The document reportedly contained “thousands of secret files about the CIA’s use of ‘enhanced’ interrogation methods,” including original CIA cables and memos on its use of waterboarding, sleep deprivation and other tactics in “black site” prisons overseas.

Acting Inspector General Christopher Sharpley said the IG’s office would obtain a new copy from the CIA, but that has not happened yet and may never happen.

The deletion of the crucial document by the CIA’s internal watchdog organization has raised concerns on part of the US senator who oversaw the torture probe and relaunched the debate over whether the full report should ever be made available to the public, according to Yahoo News.
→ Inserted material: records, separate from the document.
lemma distr_sample_min:
  assumes sg: "0 < sg" and J: "finite J" "J \<noteq> {}"
  shows "distr (shexp_sample J mu sg) lborel (sample_min J) = shexp_measure mu (sg / card J)"
proof -
  let ?Q = "shexp_sample J mu sg"
  interpret prob_space ?Q by (rule prob_space_shexp_sample[OF sg])
  have standardized: "distributed ?Q lborel (\<lambda>\<omega>. (\<omega> j - mu) / sg) (exponential_density 1)" if j: "j \<in> J" for j
  proof -
    interpret exp1: prob_space exp1_measure by (rule prob_space_exp1_measure)
    have "distr ?Q lborel (\<lambda>\<omega>. (\<omega> j - mu) / sg)
        = distr (distr ?Q (shexp_measure mu sg) (\<lambda>\<omega>. \<omega> j)) lborel (\<lambda>x. (x - mu) / sg)"
      using j by (subst distr_distr) (auto simp: comp_def intro: measurable_component_singleton)
    also have "\<dots> = distr (distr exp1_measure lborel (\<lambda>t. mu + sg * t)) lborel (\<lambda>x. (x - mu) / sg)"
      using distr_PiM_component[of J "\<lambda>_. shexp_measure mu sg" j] prob_space_shexp_measure[OF sg] j
      by (simp add: shexp_measure_eq_distr[OF sg])
    also have "\<dots> = distr exp1_measure lborel (\<lambda>t. t)"
      using sg by (subst distr_distr) (auto simp: comp_def intro!: distr_cong)
    also have "\<dots> = density lborel (exponential_density 1)"
      by (simp add: distr_id2 exp1_measure_def)
    finally show ?thesis
      using measurable_PiM_component_borel[OF j, of "\<lambda>_. shexp_measure mu sg"]
      by (simp add: distributed_def)
  qed
  have "indep_vars (\<lambda>_. borel) (\<lambda>j \<omega>. (\<omega> j - mu) / sg) J"
    using indep_vars_compose2[OF indep_vars_PiM_components[OF J(2)], of "\<lambda>j x. (x - mu) / sg" "\<lambda>_. borel"]
      prob_space_shexp_measure[OF sg]
    by simp
  then have "distributed ?Q lborel (\<lambda>\<omega>. Min ((\<lambda>j. (\<omega> j - mu) / sg) ` J)) (exponential_density (card J))"
    using exponential_distributed_Min[OF J _ standardized] by simp
  from distributed_affine_exponential[OF this _ sg, of mu] J
  have "distr ?Q lborel (\<lambda>\<omega>. mu + sg * Min ((\<lambda>j. (\<omega> j - mu) / sg) ` J)) = shexp_measure mu (sg / card J)"
    by (simp add: distributed_def shexp_measure_def card_gt_0_iff)
  moreover have "(\<lambda>\<omega>. mu + sg * Min ((\<lambda>j. (\<omega> j - mu) / sg) ` J)) = sample_min J"
    using Min_image_affine[OF sg J] by (auto simp: sample_min_def)
  ultimately show ?thesis by simp
qed

lemma integral_sample_min:
  assumes sg: "0 < sg" and J: "finite J" "J \<noteq> {}" and [measurable]: "\<phi> \<in> borel_measurable borel"
  shows "(\<integral>\<omega>. \<phi> (sample_min J \<omega>) \<partial>shexp_sample J mu sg) = exp1_expect (\<lambda>t. \<phi> (mu + sg * (t / card J)))"
proof -
  have "(\<integral>\<omega>. \<phi> (sample_min J \<omega>) \<partial>shexp_sample J mu sg) = integral\<^sup>L (shexp_measure mu (sg / card J)) \<phi>"
    using borel_measurable_sample_min[OF J(1) subset_refl, of "\<lambda>_. shexp_measure mu sg"]
    by (simp add: distr_sample_min[OF sg J, symmetric] integral_distr)
  also have "\<dots> = exp1_expect (\<lambda>t. \<phi> (mu + sg * (t / card J)))"
    using sg J by (simp add: integral_shexp_measure card_gt_0_iff)
  finally show ?thesis .
qed

lemma integrable_sample_min:
  assumes sg: "0 < sg" and J: "finite J" "J \<noteq> {}" and [measurable]: "\<psi> \<in> borel_measurable borel"
    and bound: "\<And>t. 0 \<le> t \<Longrightarrow> \<bar>\<psi> (mu + sg * (t / card J))\<bar> \<le> A + B * t\<^sup>2"
  shows "integrable (shexp_sample J mu sg) (\<lambda>\<omega>. \<psi> (sample_min J \<omega>))"
proof -
  have "integrable lborel (\<lambda>t. exponential_density 1 t * \<psi> (mu + sg / card J * t))"
    using bound by (intro integrable_exp1_quadratic_bound[of _ A B]) auto
  then have "integrable (distr (shexp_sample J mu sg) lborel (sample_min J)) \<psi>"
    using sg J by (simp add: distr_sample_min integrable_shexp_measure_iff card_gt_0_iff)
  then show ?thesis
    using borel_measurable_sample_min[OF J(1) subset_refl, of "\<lambda>_. shexp_measure mu sg"]
    by (simp add: integrable_distr_eq)
qed

lemma integrable_shexp_sample_bound:
  assumes sg: "0 < sg" and J: "finite J"
    and f: "f \<in> borel_measurable (shexp_sample J mu sg)"
    and bound: "\<And>\<omega>. \<bar>f \<omega>\<bar> \<le> C * (1 + sample_l1 J \<omega>)\<^sup>2"
  shows "integrable (shexp_sample J mu sg) f"
  by (rule integrable_PiM_quadratic_bound[OF J prob_space_shexp_measure[OF sg] integrable_shexp_measure_square[OF sg] f])
     (use bound in \<open>auto simp: sample_l1_def\<close>)

lemma integral_shexp_sample_insert:
  fixes f :: "('i \<Rightarrow> real) \<Rightarrow> real"
  assumes sg: "0 < sg" and J: "finite J" "j \<notin> J"
    and f: "integrable (shexp_sample (insert j J) mu sg) f"
  shows "integral\<^sup>L (shexp_sample (insert j J) mu sg) f
       = (\<integral>x. (\<integral>y. f (x(j := y)) \<partial>shexp_measure mu sg) \<partial>shexp_sample J mu sg)"
proof -
  have "product_sigma_finite (\<lambda>_. shexp_measure mu sg)"
    unfolding product_sigma_finite_def using prob_space_shexp_measure[OF sg] prob_space_imp_sigma_finite by blast
  from product_sigma_finite.product_integral_insert[OF this J f] show ?thesis .
qed

lemma abs_mult_le_quadratic:
  fixes u v L a A B :: real
  assumes L: "0 \<le> L" and u: "\<bar>u\<bar> \<le> a * L" and v: "\<bar>v\<bar> \<le> A + B * L"
    and a: "0 \<le> a" and A: "0 \<le> A" and B: "0 \<le> B"
  shows "\<bar>u * v\<bar> \<le> a * (A + B) * (1 + L)\<^sup>2"
proof -
  have "\<bar>u * v\<bar> \<le> (a * L) * (A + B * L)"
    unfolding abs_mult by (rule mult_mono[OF u v]) (use a L in auto)
  also have "\<dots> = a * (A * L + B * L\<^sup>2)" by (simp add: power2_eq_square algebra_simps)
  also have "\<dots> \<le> a * (A * (1 + L)\<^sup>2 + B * (1 + L)\<^sup>2)"
    using L A B a by (intro mult_left_mono add_mono) (auto simp: power2_eq_square algebra_simps)
  finally show ?thesis by (simp add: algebra_simps)
qed

lemma card_ge_2_remove:
  assumes J: "finite J" and k: "2 \<le> card J" and j: "j \<in> J"
  shows "finite (J - {j})" "J - {j} \<noteq> {}" "j \<notin> J - {j}" "insert j (J - {j}) = J"
    "real (card (J - {j})) = real (card J) - 1"
proof -
  have c: "card (J - {j}) = card J - 1" using J j by (simp add: card_Diff_singleton)
  show "finite (J - {j})" "j \<notin> J - {j}" "insert j (J - {j}) = J" using J j by auto
  show "real (card (J - {j})) = real (card J) - 1" using c k by simp
  show "J - {j} \<noteq> {}"
  proof
    assume "J - {j} = {}"
    with c k show False by simp
  qed
qed

lemma pos_part_mean_above: "0 < sg \<Longrightarrow> 0 \<le> u \<Longrightarrow> pos_part_mean mu sg (mu + sg * u) = sg * exp (- u)"
  by (simp add: pos_part_mean_def)

lemma pos_part_sq_mean_above: "0 < sg \<Longrightarrow> 0 \<le> u \<Longrightarrow> pos_part_sq_mean mu sg (mu + sg * u) = 2 * sg\<^sup>2 * exp (- u)"
  by (simp add: pos_part_sq_mean_def)

lemma abs_pos_part_mean_le: "0 < sg \<Longrightarrow> \<bar>pos_part_mean mu sg x\<bar> \<le> (\<bar>mu\<bar> + sg) + 1 * \<bar>x\<bar>"
proof (cases "mu \<le> x")
  case True
  assume sg: "0 < sg"
  have "sg * exp (- ((x - mu) / sg)) \<le> sg"
    using True sg by (simp add: mult_le_cancel_left1)
  then have "\<bar>pos_part_mean mu sg x\<bar> \<le> sg"
    using True sg by (simp add: pos_part_mean_def)
  then show ?thesis
    using abs_ge_zero[of mu] abs_ge_zero[of x] by linarith
qed (simp add: pos_part_mean_def)

lemma abs_pos_part_le: "\<bar>max (y - m) 0\<bar> \<le> (1 + \<bar>m\<bar>) + 1 * (y::real)\<^sup>2"
proof -
  have "\<bar>y\<bar> \<le> 1 + y\<^sup>2"
    using sum_power2_ge_zero[of "\<bar>y\<bar> - 1" 0] by (simp add: power2_eq_square algebra_simps)
  then show ?thesis by (auto simp: max_def)
qed

lemma abs_pos_part_sq_le: "\<bar>(max (y - m) 0)\<^sup>2\<bar> \<le> 2 * m\<^sup>2 + 2 * (y::real)\<^sup>2"
proof -
  have "(max (y - m) 0)\<^sup>2 \<le> (y - m)\<^sup>2"
    by (cases "y \<le> m") (auto simp: max_def)
  moreover have "(y - m)\<^sup>2 \<le> 2 * m\<^sup>2 + 2 * y\<^sup>2"
    using sum_power2_ge_zero[of "y + m" 0] by (simp add: power2_eq_square algebra_simps)
  ultimately show ?thesis by simp
qed

lemma abs_excess_le:
  "finite J \<Longrightarrow> J \<noteq> {} \<Longrightarrow> j \<in> J \<Longrightarrow> \<bar>\<omega> j - sample_min J \<omega>\<bar> \<le> 2 * sample_l1 J \<omega>"
proof -
  assume J: "finite J" "J \<noteq> {}" and j: "j \<in> J"
  have "\<bar>\<omega> j\<bar> \<le> sample_l1 J \<omega>" "\<bar>sample_min J \<omega>\<bar> \<le> sample_l1 J \<omega>"
    using abs_le_sample_l1[OF J(1) j] abs_sample_min_le[OF J] by auto
  then show ?thesis by linarith
qed

lemma integrable_excess_mult:
  assumes sg: "0 < sg" and J: "finite J" "J \<noteq> {}" and j: "j \<in> J"
    and [measurable]: "h \<in> borel_measurable (shexp_sample J mu sg)"
    and bound: "\<And>\<omega>. \<bar>h \<omega>\<bar> \<le> A + B * sample_l1 J \<omega>" and A: "0 \<le> A" and B: "0 \<le> B"
  shows "integrable (shexp_sample J mu sg) (\<lambda>\<omega>. (\<omega> j - sample_min J \<omega>) * h \<omega>)"
proof (rule integrable_shexp_sample_bound[OF sg J(1)])
  have [measurable]: "(\<lambda>\<omega>. \<omega> j) \<in> borel_measurable (shexp_sample J mu sg)"
    by (rule measurable_PiM_component_borel[OF j]) simp
  have [measurable]: "sample_min J \<in> borel_measurable (shexp_sample J mu sg)"
    by (rule borel_measurable_sample_min[OF J(1) subset_refl]) simp
  show "(\<lambda>\<omega>. (\<omega> j - sample_min J \<omega>) * h \<omega>) \<in> borel_measurable (shexp_sample J mu sg)"
    by measurable
  show "\<bar>(\<omega> j - sample_min J \<omega>) * h \<omega>\<bar> \<le> 2 * (A + B) * (1 + sample_l1 J \<omega>)\<^sup>2" for \<omega>
    by (rule abs_mult_le_quadratic[OF sample_l1_nonneg abs_excess_le[OF J j] bound]) (use A B in auto)
qed

lemma integrable_spread_mult:
  assumes sg: "0 < sg" and J: "finite J" "J \<noteq> {}"
    and [measurable]: "h \<in> borel_measurable (shexp_sample J mu sg)"
    and bound: "\<And>\<omega>. \<bar>h \<omega>\<bar> \<le> A + B * sample_l1 J \<omega>" and A: "0 \<le> A" and B: "0 \<le> B"
  shows "integrable (shexp_sample J mu sg) (\<lambda>\<omega>. sample_spread J \<omega> * h \<omega>)"
proof (rule integrable_shexp_sample_bound[OF sg J(1)])
  have [measurable]: "sample_spread J \<in> borel_measurable (shexp_sample J mu sg)"
    by (rule borel_measurable_sample_spread[OF J(1) subset_refl]) simp
  show "(\<lambda>\<omega>. sample_spread J \<omega> * h \<omega>) \<in> borel_measurable (shexp_sample J mu sg)"
    by measurable
  show "\<bar>sample_spread J \<omega> * h \<omega>\<bar> \<le> (1 + real (card J)) * (A + B) * (1 + sample_l1 J \<omega>)\<^sup>2" for \<omega>
    by (rule abs_mult_le_quadratic[OF sample_l1_nonneg abs_sample_spread_le[OF J] bound]) (use A B in auto)
qed

lemma sample_spread_singleton: "sample_spread {j} \<omega> = 0"
  by (simp add: sample_spread_def sample_min_def)

text \<open>Integrating out the coordinate \<open>j\<close> first: given the other coordinates, with minimum \<open>m\<close>,
  the excess \<open>\<omega> j - sample_min J \<omega>\<close> is the positive part \<open>max (\<omega> j - m) 0\<close>.\<close>
lemma integral_excess_mult_min:
  fixes \<phi> :: "real \<Rightarrow> real"
  assumes sg: "0 < sg" and J: "finite J" and k: "2 \<le> card J" and j: "j \<in> J"
    and [measurable]: "\<phi> \<in> borel_measurable borel"
    and int: "integrable (shexp_sample J mu sg) (\<lambda>\<omega>. (\<omega> j - sample_min J \<omega>) * \<phi> (sample_min J \<omega>))"
  shows "integral\<^sup>L (shexp_sample J mu sg) (\<lambda>\<omega>. (\<omega> j - sample_min J \<omega>) * \<phi> (sample_min J \<omega>))
       = sg * ((real (card J) - 1) / card J) * exp1_expect (\<lambda>s. \<phi> (mu + sg * (s / card J)))"
proof -
  let ?J' = "J - {j}"
  let ?r = "real (card J)"
  note S = card_ge_2_remove[OF J k j]
  have r: "1 < ?r" using k by simp
  let ?f = "\<lambda>\<omega>. (\<omega> j - sample_min J \<omega>) * \<phi> (sample_min J \<omega>)"
  have "integral\<^sup>L (shexp_sample J mu sg) ?f = (\<integral>x. (\<integral>y. ?f (x(j := y)) \<partial>shexp_measure mu sg) \<partial>shexp_sample ?J' mu sg)"
    using integral_shexp_sample_insert[OF sg S(1,3), of mu ?f] int S(4) by simp
  also have "\<dots> = (\<integral>x. pos_part_mean mu sg (sample_min ?J' x) * \<phi> (sample_min ?J' x) \<partial>shexp_sample ?J' mu sg)"
  proof (intro Bochner_Integration.integral_cong refl)
    fix x :: "'a \<Rightarrow> real"
    have "?f (x(j := y)) = max (y - sample_min ?J' x) 0 * \<phi> (sample_min ?J' x)" for y
      using sample_min_insert[OF S(1,2,3), of x y] S(4) by (auto simp: max_def min_def)
    then show "(\<integral>y. ?f (x(j := y)) \<partial>shexp_measure mu sg) = pos_part_mean mu sg (sample_min ?J' x) * \<phi> (sample_min ?J' x)"
      using integral_shexp_pos_part[OF sg, of mu "sample_min ?J' x"] by simp
  qed
  also have "\<dots> = exp1_expect (\<lambda>t. pos_part_mean mu sg (mu + sg * (t / (?r - 1))) * \<phi> (mu + sg * (t / (?r - 1))))"
    using integral_sample_min[OF sg S(1,2), of "\<lambda>m. pos_part_mean mu sg m * \<phi> m" mu] S(5) by simp
  also have "\<dots> = exp1_expect (\<lambda>t. sg * (\<phi> (mu + sg * (t / (?r - 1))) * exp (- (t / (?r - 1)))))"
    using sg r by (intro exp1_expect_cong) (simp add: pos_part_mean_above del: times_divide_eq_right)
  also have "\<dots> = sg * ((?r - 1) / ?r * exp1_expect (\<lambda>s. \<phi> (mu + sg * (s / ?r))))"
    unfolding exp1_expect_cmult exp1_expect_exp_scale[OF r, of "\<lambda>u. \<phi> (mu + sg * u)"] ..
  finally show ?thesis by simp
qed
“It’s breathtaking that this could have happened, especially in the inspector general’s office – they’re the ones that are supposed to be providing accountability within the agency itself,” Douglas Cox, a City University of New York School of Law professor told Yahoo News, which broke the story. “It makes you wonder what was going on over there?”

Detainees in a holding area at Camp X-Ray at Naval Base Guantanamo Bay, Cuba.–File photo
Detainees in a holding area at Camp X-Ray at Naval Base Guantanamo Bay, Cuba.–File photo

CIA officials explained the blunder to Senate investigators as an “inadvertent” mistake by the inspector general.

A CIA spokesman told Michael Isikoff, Yahoo’s Chief Investigative Correspondent, about another unopened computer disk with the complete 6,700-page report “which has been, and still is, locked in a vault at agency headquarters.”

“I can assure you that the CIA has retained a copy,” the CIA’s chief of public affairs, Dean Boyd, told Isikoff in an email.

After a US Court of Appeals ruled last week that the document does not fall under the Freedom of Information Act, questions arose over whether it would ever be made public.

It is possible that the deletion of the report is part of a wider strategy to release its findings to as few people as possible. The CIA retains a copy of the full classified report, but is apparently awaiting the conclusion of an ongoing legal battle over the document before any other copies are distributed.

The episode is humiliating for the CIA Inspector General and has inflamed human rights advocates who are hoping for the report to be made public. The full report remains classified, although a 500-page executive summary was released into the public domain.

A federal appeals court panel recently blocked an effort to reveal the full report under the open records law, claiming that it “always has been a congressional document.”

According to Yahoo News, the appeals court was not notified that the inspector general’s copy of the report was destroyed.